[Input material Boundary: Start]

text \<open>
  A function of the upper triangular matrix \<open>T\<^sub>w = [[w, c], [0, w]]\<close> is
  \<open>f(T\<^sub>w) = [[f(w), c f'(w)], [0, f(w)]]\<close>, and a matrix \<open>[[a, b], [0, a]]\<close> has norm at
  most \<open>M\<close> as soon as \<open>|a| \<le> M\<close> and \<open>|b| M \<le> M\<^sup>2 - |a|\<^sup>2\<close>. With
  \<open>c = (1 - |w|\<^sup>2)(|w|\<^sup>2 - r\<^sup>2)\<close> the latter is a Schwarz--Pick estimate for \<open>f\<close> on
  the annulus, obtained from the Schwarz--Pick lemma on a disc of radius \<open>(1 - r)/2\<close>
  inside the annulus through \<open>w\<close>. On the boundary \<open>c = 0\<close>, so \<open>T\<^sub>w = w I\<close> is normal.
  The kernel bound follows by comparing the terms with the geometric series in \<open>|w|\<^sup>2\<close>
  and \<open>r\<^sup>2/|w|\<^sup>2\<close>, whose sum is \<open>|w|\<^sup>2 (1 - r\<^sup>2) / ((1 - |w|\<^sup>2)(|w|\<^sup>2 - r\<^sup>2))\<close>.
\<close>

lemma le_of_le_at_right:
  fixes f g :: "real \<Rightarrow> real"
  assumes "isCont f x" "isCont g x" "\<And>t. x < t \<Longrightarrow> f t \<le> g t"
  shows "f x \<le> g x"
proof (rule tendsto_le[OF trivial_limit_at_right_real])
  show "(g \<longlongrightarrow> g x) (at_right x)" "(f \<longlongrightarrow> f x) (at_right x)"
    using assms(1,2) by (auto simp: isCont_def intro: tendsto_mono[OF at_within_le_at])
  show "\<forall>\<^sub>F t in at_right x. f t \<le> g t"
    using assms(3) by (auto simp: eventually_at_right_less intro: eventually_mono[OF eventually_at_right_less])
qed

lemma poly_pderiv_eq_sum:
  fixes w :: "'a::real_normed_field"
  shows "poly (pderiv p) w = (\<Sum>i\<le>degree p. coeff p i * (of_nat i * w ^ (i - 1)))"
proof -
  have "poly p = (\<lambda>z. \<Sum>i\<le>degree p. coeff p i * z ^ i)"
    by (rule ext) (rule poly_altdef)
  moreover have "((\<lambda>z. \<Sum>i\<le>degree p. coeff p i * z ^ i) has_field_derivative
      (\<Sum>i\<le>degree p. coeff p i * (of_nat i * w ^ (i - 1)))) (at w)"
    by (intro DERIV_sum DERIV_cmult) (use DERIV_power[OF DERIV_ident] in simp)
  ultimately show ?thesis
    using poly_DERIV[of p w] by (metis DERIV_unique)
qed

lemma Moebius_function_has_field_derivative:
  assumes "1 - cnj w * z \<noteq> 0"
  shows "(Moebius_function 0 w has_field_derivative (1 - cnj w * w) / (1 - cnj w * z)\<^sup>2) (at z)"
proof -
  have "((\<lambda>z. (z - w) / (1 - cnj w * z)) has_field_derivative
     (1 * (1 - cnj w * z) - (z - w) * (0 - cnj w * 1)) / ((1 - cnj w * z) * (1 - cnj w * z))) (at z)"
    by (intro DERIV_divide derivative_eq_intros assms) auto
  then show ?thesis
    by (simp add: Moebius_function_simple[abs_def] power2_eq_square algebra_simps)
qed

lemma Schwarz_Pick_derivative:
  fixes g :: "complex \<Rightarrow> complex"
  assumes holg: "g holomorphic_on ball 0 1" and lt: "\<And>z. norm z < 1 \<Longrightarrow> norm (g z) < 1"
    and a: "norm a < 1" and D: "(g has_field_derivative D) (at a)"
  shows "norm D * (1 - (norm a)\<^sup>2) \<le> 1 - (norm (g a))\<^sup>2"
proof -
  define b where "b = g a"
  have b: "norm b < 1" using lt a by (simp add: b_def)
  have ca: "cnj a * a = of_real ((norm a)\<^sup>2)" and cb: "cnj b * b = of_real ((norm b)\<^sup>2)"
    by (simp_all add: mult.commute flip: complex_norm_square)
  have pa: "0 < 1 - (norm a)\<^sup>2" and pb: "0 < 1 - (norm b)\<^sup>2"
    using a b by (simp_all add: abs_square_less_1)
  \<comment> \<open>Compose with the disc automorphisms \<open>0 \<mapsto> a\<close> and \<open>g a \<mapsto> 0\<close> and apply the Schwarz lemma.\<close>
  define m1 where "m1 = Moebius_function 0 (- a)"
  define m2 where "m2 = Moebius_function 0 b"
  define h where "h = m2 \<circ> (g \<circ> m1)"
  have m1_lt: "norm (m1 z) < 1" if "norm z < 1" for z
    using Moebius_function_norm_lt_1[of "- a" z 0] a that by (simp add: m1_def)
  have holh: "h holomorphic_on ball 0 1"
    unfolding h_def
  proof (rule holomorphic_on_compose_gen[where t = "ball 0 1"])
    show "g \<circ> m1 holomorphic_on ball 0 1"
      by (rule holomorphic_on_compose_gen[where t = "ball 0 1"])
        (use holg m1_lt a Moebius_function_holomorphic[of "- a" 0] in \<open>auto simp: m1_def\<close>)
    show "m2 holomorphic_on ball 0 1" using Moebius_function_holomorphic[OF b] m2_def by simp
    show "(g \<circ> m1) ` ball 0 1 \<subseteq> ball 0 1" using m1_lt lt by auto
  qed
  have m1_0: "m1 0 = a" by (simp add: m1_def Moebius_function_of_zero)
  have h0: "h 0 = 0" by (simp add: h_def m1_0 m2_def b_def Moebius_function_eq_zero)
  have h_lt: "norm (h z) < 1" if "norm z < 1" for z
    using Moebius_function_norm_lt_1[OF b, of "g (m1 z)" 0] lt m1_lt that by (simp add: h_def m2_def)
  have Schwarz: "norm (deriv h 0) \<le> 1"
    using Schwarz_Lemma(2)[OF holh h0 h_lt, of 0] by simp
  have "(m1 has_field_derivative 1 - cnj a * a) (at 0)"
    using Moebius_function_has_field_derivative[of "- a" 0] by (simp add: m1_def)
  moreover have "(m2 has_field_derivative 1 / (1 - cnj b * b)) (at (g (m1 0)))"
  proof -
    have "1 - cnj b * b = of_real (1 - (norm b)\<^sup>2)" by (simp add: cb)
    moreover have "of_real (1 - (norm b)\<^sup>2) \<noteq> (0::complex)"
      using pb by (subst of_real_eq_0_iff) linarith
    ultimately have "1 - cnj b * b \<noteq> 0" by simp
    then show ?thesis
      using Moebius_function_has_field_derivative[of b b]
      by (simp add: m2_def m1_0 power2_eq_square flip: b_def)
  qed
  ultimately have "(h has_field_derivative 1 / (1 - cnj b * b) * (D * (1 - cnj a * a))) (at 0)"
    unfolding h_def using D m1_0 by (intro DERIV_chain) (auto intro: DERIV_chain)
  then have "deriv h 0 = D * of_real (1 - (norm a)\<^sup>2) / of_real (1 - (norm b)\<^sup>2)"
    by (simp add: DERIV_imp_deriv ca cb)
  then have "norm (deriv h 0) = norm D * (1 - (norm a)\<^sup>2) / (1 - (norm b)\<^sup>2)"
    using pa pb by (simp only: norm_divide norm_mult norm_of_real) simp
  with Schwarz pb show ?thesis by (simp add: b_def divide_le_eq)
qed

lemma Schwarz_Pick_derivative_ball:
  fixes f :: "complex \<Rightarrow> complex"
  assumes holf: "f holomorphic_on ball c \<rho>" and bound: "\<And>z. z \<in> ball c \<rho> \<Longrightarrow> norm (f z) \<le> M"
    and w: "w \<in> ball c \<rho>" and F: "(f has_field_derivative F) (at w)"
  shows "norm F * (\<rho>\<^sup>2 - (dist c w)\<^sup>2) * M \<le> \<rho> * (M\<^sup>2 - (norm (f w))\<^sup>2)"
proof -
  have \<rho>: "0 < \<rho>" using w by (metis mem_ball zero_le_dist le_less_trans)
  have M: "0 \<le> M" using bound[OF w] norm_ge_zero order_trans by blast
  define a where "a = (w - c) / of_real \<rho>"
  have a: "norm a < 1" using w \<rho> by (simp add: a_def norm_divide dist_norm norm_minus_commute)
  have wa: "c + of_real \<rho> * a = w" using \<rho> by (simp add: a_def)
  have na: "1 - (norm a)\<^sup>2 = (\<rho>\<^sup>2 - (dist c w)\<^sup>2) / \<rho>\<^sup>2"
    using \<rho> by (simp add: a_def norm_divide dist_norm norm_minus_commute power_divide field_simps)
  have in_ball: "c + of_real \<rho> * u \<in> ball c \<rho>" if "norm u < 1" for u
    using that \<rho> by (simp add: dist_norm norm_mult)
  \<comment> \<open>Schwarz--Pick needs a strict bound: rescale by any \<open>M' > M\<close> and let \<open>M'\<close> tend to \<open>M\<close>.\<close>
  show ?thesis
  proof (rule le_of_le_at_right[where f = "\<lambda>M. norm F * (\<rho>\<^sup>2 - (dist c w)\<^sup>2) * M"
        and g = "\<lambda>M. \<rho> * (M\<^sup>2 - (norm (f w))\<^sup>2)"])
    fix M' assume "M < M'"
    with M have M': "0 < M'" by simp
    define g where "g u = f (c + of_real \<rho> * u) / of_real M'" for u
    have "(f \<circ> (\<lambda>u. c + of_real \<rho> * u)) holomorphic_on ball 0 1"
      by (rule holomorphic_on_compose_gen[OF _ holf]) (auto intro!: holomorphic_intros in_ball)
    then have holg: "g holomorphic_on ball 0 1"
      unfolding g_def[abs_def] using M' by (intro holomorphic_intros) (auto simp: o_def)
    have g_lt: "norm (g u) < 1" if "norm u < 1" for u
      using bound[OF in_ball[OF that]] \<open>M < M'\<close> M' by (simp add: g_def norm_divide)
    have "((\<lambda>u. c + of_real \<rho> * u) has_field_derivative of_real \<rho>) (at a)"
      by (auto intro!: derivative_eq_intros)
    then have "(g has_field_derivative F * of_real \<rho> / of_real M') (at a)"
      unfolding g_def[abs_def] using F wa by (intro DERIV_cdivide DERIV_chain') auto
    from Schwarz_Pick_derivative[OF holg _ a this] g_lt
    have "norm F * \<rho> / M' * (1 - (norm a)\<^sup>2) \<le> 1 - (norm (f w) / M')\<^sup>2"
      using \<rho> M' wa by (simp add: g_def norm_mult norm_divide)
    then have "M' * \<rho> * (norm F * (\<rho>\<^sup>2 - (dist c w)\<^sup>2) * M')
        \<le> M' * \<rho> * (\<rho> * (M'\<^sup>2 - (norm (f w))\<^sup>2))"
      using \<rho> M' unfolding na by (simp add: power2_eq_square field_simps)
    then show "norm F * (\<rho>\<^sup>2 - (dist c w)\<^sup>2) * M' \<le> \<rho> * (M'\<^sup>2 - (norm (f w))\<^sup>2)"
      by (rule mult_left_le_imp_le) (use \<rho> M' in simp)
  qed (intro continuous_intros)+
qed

[Input material Boundary: End]

What to do:
Go back to the start of the listing above. Reproduce each line exactly, ending with the line that contains "The kernel bound".

Exercise solution:
text \<open>
  A function of the upper triangular matrix \<open>T\<^sub>w = [[w, c], [0, w]]\<close> is
  \<open>f(T\<^sub>w) = [[f(w), c f'(w)], [0, f(w)]]\<close>, and a matrix \<open>[[a, b], [0, a]]\<close> has norm at
  most \<open>M\<close> as soon as \<open>|a| \<le> M\<close> and \<open>|b| M \<le> M\<^sup>2 - |a|\<^sup>2\<close>. With
  \<open>c = (1 - |w|\<^sup>2)(|w|\<^sup>2 - r\<^sup>2)\<close> the latter is a Schwarz--Pick estimate for \<open>f\<close> on
  the annulus, obtained from the Schwarz--Pick lemma on a disc of radius \<open>(1 - r)/2\<close>
  inside the annulus through \<open>w\<close>. On the boundary \<open>c = 0\<close>, so \<open>T\<^sub>w = w I\<close> is normal.
  The kernel bound follows by comparing the terms with the geometric series in \<open>|w|\<^sup>2\<close>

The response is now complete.